As indicated in Note 2 to the consolidated financial statements, SFAS No. 142,
"Goodwill and Other Intangible Assets," was adopted by the Company in July of
2001 and goodwill amortization ceased. Accordingly, there was no amortization of
intangibles for the quarter ended September 30, 2001. For the quarter ended
September 30, 2000, amortization of intangibles was $165,000. The Company was
amortizing goodwill prior to July 1, 2001 over 20 years. If the adoption of SFAS
No. 142 had been in effect on July 1, 2000, the net loss for the quarter ended
September 30, 2000 would have been $70,000.

Interest expense for the first quarter of fiscal year 2002 was $71,000 which was
$37,000 lower than the year-ago quarter due to the lower average balance
outstanding on the note issued for the A-G acquisition.

The provision for income taxes for the first quarter of fiscal year 2002 was
$189,000, an effective tax rate of 38% which was 4% higher than the federal
statutory rate of 34% due primarily to the effect of state income taxes.
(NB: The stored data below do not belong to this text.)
(* Let $\mathcal{D}$ be a triangulated category with Serre functor $\mathbb{S}$ and let $\sigma\in\operatorname{Stab}\mathcal{D}$. If $\phi_\sigma(\mathbb{S})$ exists, then $\operatorname{gldim}\sigma=\phi_\sigma(\mathbb{S})$.
   Context: A Serre functor is an autoequivalence $\mathbb{S}$ with natural isomorphisms $\operatorname{Hom}(L,M)\cong\operatorname{Hom}(M,\mathbb{S}(L))^*$. For a Bridgeland stability condition $\sigma=(Z,\mathcal{P})$, an autoequivalence $\Phi$ is $\sigma$-semistable if it preserves the class of semistable objects $\bigcup_\phi\mathcal{P}(\phi)$; $\phi_\sigma(\Phi)$ exists and equals $s\in\mathbb{R}$ if $\Phi$ is $\sigma$-semistable and $\phi_\sigma(\Phi(E))-\phi_\sigma(E)=s$ for every semistable $E$, where $\phi_\sigma(E)$ is the phase of $E$. $\operatorname{gldim}\sigma=\sup\{\phi_2-\phi_1\mid \operatorname{Hom}(A_1,A_2)\neq0\text{ for some nonzero }A_i\in\mathcal{P}(\phi_i)\}$. *)

theory Defs
  imports Complex_Main "HOL-Library.Extended_Real"
begin

record ('o, 'm, 'k) tricat =
  Ob :: "'o set"
  Hom :: "'o \<Rightarrow> 'o \<Rightarrow> 'm set"
  comp :: "'m \<Rightarrow> 'm \<Rightarrow> 'm"          (* comp g f = g o f *)
  idm :: "'o \<Rightarrow> 'm"
  madd :: "'m \<Rightarrow> 'm \<Rightarrow> 'm"
  msmult :: "'k \<Rightarrow> 'm \<Rightarrow> 'm"
  mzero :: "'o \<Rightarrow> 'o \<Rightarrow> 'm"
  shO :: "'o \<Rightarrow> 'o"                 (* shift functor [1] on objects *)
  shM :: "'m \<Rightarrow> 'm"                 (* shift functor [1] on morphisms *)
  dist :: "('o \<times> 'o \<times> 'o \<times> 'm \<times> 'm \<times> 'm) set"   (* distinguished triangles X->Y->W->X[1] *)

definition category :: "('o, 'm, 'k) tricat \<Rightarrow> bool" where
  "category C \<longleftrightarrow>
     (\<forall>X Y. Hom C X Y \<noteq> {} \<longrightarrow> X \<in> Ob C \<and> Y \<in> Ob C) \<and>
     (\<forall>X Y X' Y'. (X, Y) \<noteq> (X', Y') \<longrightarrow> Hom C X Y \<inter> Hom C X' Y' = {}) \<and>
     (\<forall>X\<in>Ob C. idm C X \<in> Hom C X X) \<and>
     (\<forall>X\<in>Ob C. \<forall>Y\<in>Ob C. \<forall>W\<in>Ob C. \<forall>f\<in>Hom C X Y. \<forall>g\<in>Hom C Y W.
        comp C g f \<in> Hom C X W) \<and>
     (\<forall>X\<in>Ob C. \<forall>Y\<in>Ob C. \<forall>f\<in>Hom C X Y.
        comp C f (idm C X) = f \<and> comp C (idm C Y) f = f) \<and>
     (\<forall>V\<in>Ob C. \<forall>X\<in>Ob C. \<forall>Y\<in>Ob C. \<forall>W\<in>Ob C.
        \<forall>f\<in>Hom C V X. \<forall>g\<in>Hom C X Y. \<forall>h\<in>Hom C Y W.
        comp C h (comp C g f) = comp C (comp C h g) f)"

definition klinear :: "('o, 'm, 'k::field) tricat \<Rightarrow> bool" where
  "klinear C \<longleftrightarrow> category C \<and>
     (\<forall>X\<in>Ob C. \<forall>Y\<in>Ob C.
        mzero C X Y \<in> Hom C X Y \<and>
        (\<forall>f\<in>Hom C X Y. \<forall>g\<in>Hom C X Y. madd C f g \<in> Hom C X Y) \<and>
        (\<forall>a. \<forall>f\<in>Hom C X Y. msmult C a f \<in> Hom C X Y) \<and>
        (\<forall>f\<in>Hom C X Y. \<forall>g\<in>Hom C X Y. \<forall>h\<in>Hom C X Y.
           madd C (madd C f g) h = madd C f (madd C g h)) \<and>
        (\<forall>f\<in>Hom C X Y. \<forall>g\<in>Hom C X Y. madd C f g = madd C g f) \<and>
        (\<forall>f\<in>Hom C X Y. madd C f (mzero C X Y) = f) \<and>
        (\<forall>f\<in>Hom C X Y. \<exists>g\<in>Hom C X Y. madd C f g = mzero C X Y) \<and>
        (\<forall>a. \<forall>f\<in>Hom C X Y. \<forall>g\<in>Hom C X Y.
           msmult C a (madd C f g) = madd C (msmult C a f) (msmult C a g)) \<and>
        (\<forall>a b. \<forall>f\<in>Hom C X Y. msmult C (a + b) f = madd C (msmult C a f) (msmult C b f)) \<and>
        (\<forall>a b. \<forall>f\<in>Hom C X Y. msmult C a (msmult C b f) = msmult C (a * b) f) \<and>
        (\<forall>f\<in>Hom C X Y. msmult C 1 f = f)) \<and>
     (\<forall>X\<in>Ob C. \<forall>Y\<in>Ob C. \<forall>W\<in>Ob C.
        \<forall>f\<in>Hom C X Y. \<forall>f'\<in>Hom C X Y. \<forall>g\<in>Hom C Y W. \<forall>g'\<in>Hom C Y W. \<forall>a.
        comp C g (madd C f f') = madd C (comp C g f) (comp C g f') \<and>
        comp C (madd C g g') f = madd C (comp C g f) (comp C g' f) \<and>
        comp C g (msmult C a f) = msmult C a (comp C g f) \<and>
        comp C (msmult C a g) f = msmult C a (comp C g f))"

fun lcomb :: "('o, 'm, 'k) tricat \<Rightarrow> 'o \<Rightarrow> 'o \<Rightarrow> ('k \<times> 'm) list \<Rightarrow> 'm" where
  "lcomb C X Y [] = mzero C X Y"
| "lcomb C X Y ((a, b) # r) = madd C (msmult C a b) (lcomb C X Y r)"

definition hom_finite :: "('o, 'm, 'k) tricat \<Rightarrow> bool" where
  "hom_finite C \<longleftrightarrow> (\<forall>X\<in>Ob C. \<forall>Y\<in>Ob C. \<exists>bs. set bs \<subseteq> Hom C X Y \<and>
      (\<forall>f\<in>Hom C X Y. \<exists>cs. length cs = length bs \<and> f = lcomb C X Y (zip cs bs)))"

definition is_zero :: "('o, 'm, 'k) tricat \<Rightarrow> 'o \<Rightarrow> bool" where
  "is_zero C X \<longleftrightarrow> X \<in> Ob C \<and> idm C X = mzero C X X"

definition is_iso :: "('o, 'm, 'k) tricat \<Rightarrow> 'o \<Rightarrow> 'o \<Rightarrow> 'm \<Rightarrow> bool" where
  "is_iso C X Y f \<longleftrightarrow> f \<in> Hom C X Y \<and>
     (\<exists>g\<in>Hom C Y X. comp C g f = idm C X \<and> comp C f g = idm C Y)"

definition isomorphic :: "('o, 'm, 'k) tricat \<Rightarrow> 'o \<Rightarrow> 'o \<Rightarrow> bool" where
  "isomorphic C X Y \<longleftrightarrow> (\<exists>f. is_iso C X Y f)"

definition is_biproduct ::
  "('o, 'm, 'k) tricat \<Rightarrow> 'o \<Rightarrow> 'o \<Rightarrow> 'o \<Rightarrow> 'm \<Rightarrow> 'm \<Rightarrow> 'm \<Rightarrow> 'm \<Rightarrow> bool" where
  "is_biproduct C X Y W i1 i2 p1 p2 \<longleftrightarrow> W \<in> Ob C \<and>
     i1 \<in> Hom C X W \<and> i2 \<in> Hom C Y W \<and> p1 \<in> Hom C W X \<and> p2 \<in> Hom C W Y \<and>
     comp C p1 i1 = idm C X \<and> comp C p2 i2 = idm C Y \<and>
     comp C p1 i2 = mzero C Y X \<and> comp C p2 i1 = mzero C X Y \<and>
     madd C (comp C i1 p1) (comp C i2 p2) = idm C W"

definition additive :: "('o, 'm, 'k::field) tricat \<Rightarrow> bool" where
  "additive C \<longleftrightarrow> klinear C \<and> (\<exists>X. is_zero C X) \<and>
     (\<forall>X\<in>Ob C. \<forall>Y\<in>Ob C. \<exists>W i1 i2 p1 p2. is_biproduct C X Y W i1 i2 p1 p2)"

definition kfunctor :: "('o, 'm, 'k) tricat \<Rightarrow> ('o \<Rightarrow> 'o) \<Rightarrow> ('m \<Rightarrow> 'm) \<Rightarrow> bool" where
  "kfunctor C Fo Fm \<longleftrightarrow>
     (\<forall>X\<in>Ob C. Fo X \<in> Ob C) \<and>
     (\<forall>X\<in>Ob C. \<forall>Y\<in>Ob C. \<forall>f\<in>Hom C X Y. Fm f \<in> Hom C (Fo X) (Fo Y)) \<and>
     (\<forall>X\<in>Ob C. Fm (idm C X) = idm C (Fo X)) \<and>
     (\<forall>X\<in>Ob C. \<forall>Y\<in>Ob C. \<forall>W\<in>Ob C. \<forall>f\<in>Hom C X Y. \<forall>g\<in>Hom C Y W.
        Fm (comp C g f) = comp C (Fm g) (Fm f)) \<and>
     (\<forall>X\<in>Ob C. \<forall>Y\<in>Ob C. \<forall>f\<in>Hom C X Y. \<forall>g\<in>Hom C X Y. \<forall>a.
        Fm (madd C f g) = madd C (Fm f) (Fm g) \<and> Fm (msmult C a f) = msmult C a (Fm f))"

definition autoequiv :: "('o, 'm, 'k) tricat \<Rightarrow> ('o \<Rightarrow> 'o) \<Rightarrow> ('m \<Rightarrow> 'm) \<Rightarrow> bool" where
  "autoequiv C Fo Fm \<longleftrightarrow> kfunctor C Fo Fm \<and>
     (\<forall>X\<in>Ob C. \<forall>Y\<in>Ob C. bij_betw Fm (Hom C X Y) (Hom C (Fo X) (Fo Y))) \<and>
     (\<forall>Y\<in>Ob C. \<exists>X\<in>Ob C. isomorphic C (Fo X) Y)"

definition triangle :: "('o, 'm, 'k) tricat \<Rightarrow> 'o \<Rightarrow> 'o \<Rightarrow> 'o \<Rightarrow> 'm \<Rightarrow> 'm \<Rightarrow> 'm \<Rightarrow> bool" where
  "triangle C X Y W f g h \<longleftrightarrow> X \<in> Ob C \<and> Y \<in> Ob C \<and> W \<in> Ob C \<and>
     f \<in> Hom C X Y \<and> g \<in> Hom C Y W \<and> h \<in> Hom C W (shO C X)"

definition tri_morphism ::
  "('o, 'm, 'k) tricat \<Rightarrow> 'o \<Rightarrow> 'o \<Rightarrow> 'o \<Rightarrow> 'm \<Rightarrow> 'm \<Rightarrow> 'm
     \<Rightarrow> 'o \<Rightarrow> 'o \<Rightarrow> 'o \<Rightarrow> 'm \<Rightarrow> 'm \<Rightarrow> 'm \<Rightarrow> 'm \<Rightarrow> 'm \<Rightarrow> 'm \<Rightarrow> bool" where
  "tri_morphism C X Y W f g h X' Y' W' f' g' h' a b c \<longleftrightarrow>
     a \<in> Hom C X X' \<and> b \<in> Hom C Y Y' \<and> c \<in> Hom C W W' \<and>
     comp C f' a = comp C b f \<and> comp C g' b = comp C c g \<and>
     comp C (shM C a) h = comp C h' c"

definition mneg :: "('o, 'm, 'k::field) tricat \<Rightarrow> 'm \<Rightarrow> 'm" where
  "mneg C f = msmult C (- 1) f"

definition triangulated :: "('o, 'm, 'k::field) tricat \<Rightarrow> bool" where
  "triangulated C \<longleftrightarrow> additive C \<and> hom_finite C \<and> autoequiv C (shO C) (shM C) \<and>
     (\<forall>X Y W f g h. (X, Y, W, f, g, h) \<in> dist C \<longrightarrow> triangle C X Y W f g h) \<and>
     \<comment> \<open>TR1: closed under isomorphisms of triangles\<close>
     (\<forall>X Y W f g h X' Y' W' f' g' h' a b c.
        (X, Y, W, f, g, h) \<in> dist C \<longrightarrow> triangle C X' Y' W' f' g' h' \<longrightarrow>
        tri_morphism C X Y W f g h X' Y' W' f' g' h' a b c \<longrightarrow>
        is_iso C X X' a \<longrightarrow> is_iso C Y Y' b \<longrightarrow> is_iso C W W' c \<longrightarrow>
        (X', Y', W', f', g', h') \<in> dist C) \<and>
     \<comment> \<open>TR1: X -> X -> 0 -> X[1]\<close>
     (\<forall>X\<in>Ob C. \<forall>Z0. is_zero C Z0 \<longrightarrow>
        (X, X, Z0, idm C X, mzero C X Z0, mzero C Z0 (shO C X)) \<in> dist C) \<and>
     \<comment> \<open>TR1: every morphism extends to a distinguished triangle\<close>
     (\<forall>X\<in>Ob C. \<forall>Y\<in>Ob C. \<forall>f\<in>Hom C X Y. \<exists>W g h. (X, Y, W, f, g, h) \<in> dist C) \<and>
     \<comment> \<open>TR2: rotation\<close>
     (\<forall>X Y W f g h. triangle C X Y W f g h \<longrightarrow>
        ((X, Y, W, f, g, h) \<in> dist C \<longleftrightarrow>
         (Y, W, shO C X, g, h, mneg C (shM C f)) \<in> dist C)) \<and>
     \<comment> \<open>TR3: completion of morphisms of triangles\<close>
     (\<forall>X Y W f g h X' Y' W' f' g' h' a b.
        (X, Y, W, f, g, h) \<in> dist C \<longrightarrow> (X', Y', W', f', g', h') \<in> dist C \<longrightarrow>
        a \<in> Hom C X X' \<longrightarrow> b \<in> Hom C Y Y' \<longrightarrow> comp C f' a = comp C b f \<longrightarrow>
        (\<exists>c. tri_morphism C X Y W f g h X' Y' W' f' g' h' a b c)) \<and>
     \<comment> \<open>TR4: octahedral axiom\<close>
     (\<forall>X Y Z Z' X' Y' f g h j k l m n.
        (X, Y, Z', f, h, j) \<in> dist C \<longrightarrow>
        (Y, Z, X', g, k, l) \<in> dist C \<longrightarrow>
        (X, Z, Y', comp C g f, m, n) \<in> dist C \<longrightarrow>
        (\<exists>u v. (Z', Y', X', u, v, comp C (shM C h) l) \<in> dist C \<and>
               comp C u h = comp C m g \<and> comp C n u = j \<and>
               comp C v m = k \<and> comp C l v = comp C (shM C f) n))"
The
benefit for income taxes for the first quarter of fiscal 2001 was $42,000, an
effective tax rate of 16%. This benefit was lower than the federal statutory
rate of 34% principally from the effect of the goodwill amortization related to
the A-G acquisition which was not deductible for income taxes.

Item 3 - Quantitative and Qualitative Disclosures About Market Risk

Not applicable.

                                       12



                           PART II- OTHER INFORMATION

Item 6 - Exhibits and Reports on Form 8-K

     (a)  Exhibits.
          --------

          10.1 Employment Agreement between the Company and Raymond M. Soto
               effective as of June 10, 1996.
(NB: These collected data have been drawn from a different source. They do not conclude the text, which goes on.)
lemma linear_vd_ddFsq_slot2:
  assumes "q \<in> A"
  shows "linear (\<lambda>v. vd (ddFsq u v) q w)"
proof -
  have combination: "vd (ddFsq u (a *\<^sub>R v + b *\<^sub>R v')) q w
      = a * vd (ddFsq u v) q w + b * vd (ddFsq u v') q w" for a b v v'
    using vd_linear_combination[OF differentiable_if_smooth[OF smooth_ddFsq assms]
        differentiable_if_smooth[OF smooth_ddFsq assms] open_A assms]
      ddFsq_linear_combination by blast
  show ?thesis
  proof (rule linearI)
    show "vd (ddFsq u (v + v')) q w = vd (ddFsq u v) q w + vd (ddFsq u v') q w" for v v'
      using combination[of 1 v 1 v'] by simp
    show "vd (ddFsq u (c *\<^sub>R v)) q w = c *\<^sub>R vd (ddFsq u v) q w" for c v
      using combination[of c v 0 v] by simp
  qed
qed

lemma vd_ddFsq_fibre_slot2:
  assumes xy: "(x, y) \<in> A"
  shows "vd (ddFsq u y) (x, y) w = 0"
proof -
  let ?H1 = "ddFsq u (axis 1 1)" and ?H2 = "ddFsq u (axis 2 1)"
  have H1_diff: "?H1 differentiable (at (x, y))" and H2_diff: "?H2 differentiable (at (x, y))"
    using differentiable_if_smooth[OF smooth_ddFsq xy] by blast+
  \<comment> \<open>Differentiate the Euler identity \<open>dFsq u r = ddFsq u (snd r) r\<close> along the fibre.\<close>
  have euler: "dFsq u r = snd r $ 1 * ?H1 r + snd r $ 2 * ?H2 r" if "r \<in> A" for r
  proof -
    obtain a b where r: "r = (a, b)" by fastforce
    have "dFsq u r = vd (dFsq u) r b"
      using ddFsq_fibre[of a b u] that r by (simp add: ddFsq_def)
    then show ?thesis
      using vd_axis_expansion[OF differentiable_if_smooth[OF smooth_dFsq[of u] that], of b]
      by (simp add: r ddFsq_def)
  qed
  have nth_snd: "((\<lambda>r::pt. snd r $ i) has_derivative (\<lambda>d. snd d $ i)) (at (x, y))" for i
    by (rule bounded_linear.has_derivative[OF bounded_linear_vec_nth
          has_derivative_snd[OF has_derivative_ident]])
  have "((\<lambda>r. snd r $ 1 * ?H1 r + snd r $ 2 * ?H2 r) has_derivative
      (\<lambda>d. (y $ 1 * frechet_derivative ?H1 (at (x, y)) d + snd d $ 1 * ?H1 (x, y))
         + (y $ 2 * frechet_derivative ?H2 (at (x, y)) d + snd d $ 2 * ?H2 (x, y)))) (at (x, y))"
    using has_derivative_add
        [OF has_derivative_mult[OF nth_snd H1_diff[unfolded frechet_derivative_works]]
          has_derivative_mult[OF nth_snd H2_diff[unfolded frechet_derivative_works]]]
    by simp
  then have "(dFsq u has_derivative
      (\<lambda>d. (y $ 1 * frechet_derivative ?H1 (at (x, y)) d + snd d $ 1 * ?H1 (x, y))
         + (y $ 2 * frechet_derivative ?H2 (at (x, y)) d + snd d $ 2 * ?H2 (x, y)))) (at (x, y))"
    by (rule has_derivative_transform_within_open[OF _ open_A xy]) (simp add: euler)
  from fun_cong[OF frechet_derivative_at[OF this], of "(0, w)"]
  have "ddFsq u w (x, y)
      = y $ 1 * vd ?H1 (x, y) w + w $ 1 * ?H1 (x, y) + (y $ 2 * vd ?H2 (x, y) w + w $ 2 * ?H2 (x, y))"
    by (simp add: vd_def ddFsq_def)
  moreover have "ddFsq u w (x, y) = w $ 1 * ?H1 (x, y) + w $ 2 * ?H2 (x, y)"
    using vd_axis_expansion[OF differentiable_if_smooth[OF smooth_dFsq[of u] xy], of w]
    by (simp add: ddFsq_def)
  moreover have "vd (ddFsq u y) (x, y) w = y $ 1 * vd ?H1 (x, y) w + y $ 2 * vd ?H2 (x, y) w"
    by (rule linear_axis_expansion[OF linear_vd_ddFsq_slot2[OF xy]])
  ultimately show ?thesis by simp
qed

lemma vd_ddFsq_eq:
  assumes xy: "(x, y) \<in> A"
  shows "vd (ddFsq u v) (x, y) w = (u \<bullet> rot90 y) * (v \<bullet> rot90 y) * (w \<bullet> rot90 y) / (y \<bullet> y)^3
           * vd (ddFsq (rot90 y) (rot90 y)) (x, y) (rot90 y)"
proof -
  define z where "z = rot90 y"
  have y: "y \<noteq> 0" using fibre_nonzero[OF xy] .
  have slot3: "vd (ddFsq u' v') (x, y) w' = w' \<bullet> z / (y \<bullet> y) * vd (ddFsq u' v') (x, y) z" for u' v' w'
    unfolding z_def
    by (rule linear_eq_rot90_coord[OF linear_vd[OF differentiable_if_smooth[OF smooth_ddFsq xy]] y
          vd_ddFsq_fibre[OF xy]])
  have slot2: "vd (ddFsq u' v') (x, y) z = v' \<bullet> z / (y \<bullet> y) * vd (ddFsq u' z) (x, y) z" for u' v'
    unfolding z_def
    by (rule linear_eq_rot90_coord[OF linear_vd_ddFsq_slot2[OF xy] y vd_ddFsq_fibre_slot2[OF xy]])
  have "vd (ddFsq u z) (x, y) z = u \<bullet> z / (y \<bullet> y) * vd (ddFsq z z) (x, y) z"
    using vd_ddFsq_commute[OF xy, of u z z] slot2[of z u] by simp
  then have "vd (ddFsq u v) (x, y) w
      = w \<bullet> z / (y \<bullet> y) * (v \<bullet> z / (y \<bullet> y) * (u \<bullet> z / (y \<bullet> y) * vd (ddFsq z z) (x, y) z))"
    using slot3[of u v w] slot2[of u v] by simp
  then show ?thesis
    by (simp add: z_def power3_eq_cube ac_simps)
qed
          10.2 Amendment to Employment Agreement between the Company and
               Raymond  Soto effective as of September 20, 2001.

     (b)  Reports on Form 8-K.
          -------------------

          No reports on Form 8-K were filed during the three months ended
          September 30, 2001.

                                   SIGNATURES
                                   ----------

          Pursuant to the requirements of the Securities Exchange Act of 1934,
the registrant has duly caused this report to be signed on its behalf by the
undersigned thereunto duly authorized.

                                    BOLT TECHNOLOGY CORPORATION




Date: October 30, 2001              /s/ Raymond M. Soto
                                    -----------------------
                                    Raymond M. Soto
                                    Chairman of the Board, President and
                                    Chief Executive Officer

Date: October 30, 2001              /s/ Joseph Espeso
                                    ------------------
                                    Joseph Espeso
                                    Senior Vice President-Finance and
                                    Chief Financial Officer

                                       13



                                  EXHIBIT INDEX
                                  -------------

Exhibit No.    Description
- -----------    -----------

10.1           Employment Agreement between the Company and Raymond M. Soto
               effective as of June 10, 1996.

10.2           Amendment to Employment Agreement between the Company and Raymond
               M. Soto effective as of September 20, 2001.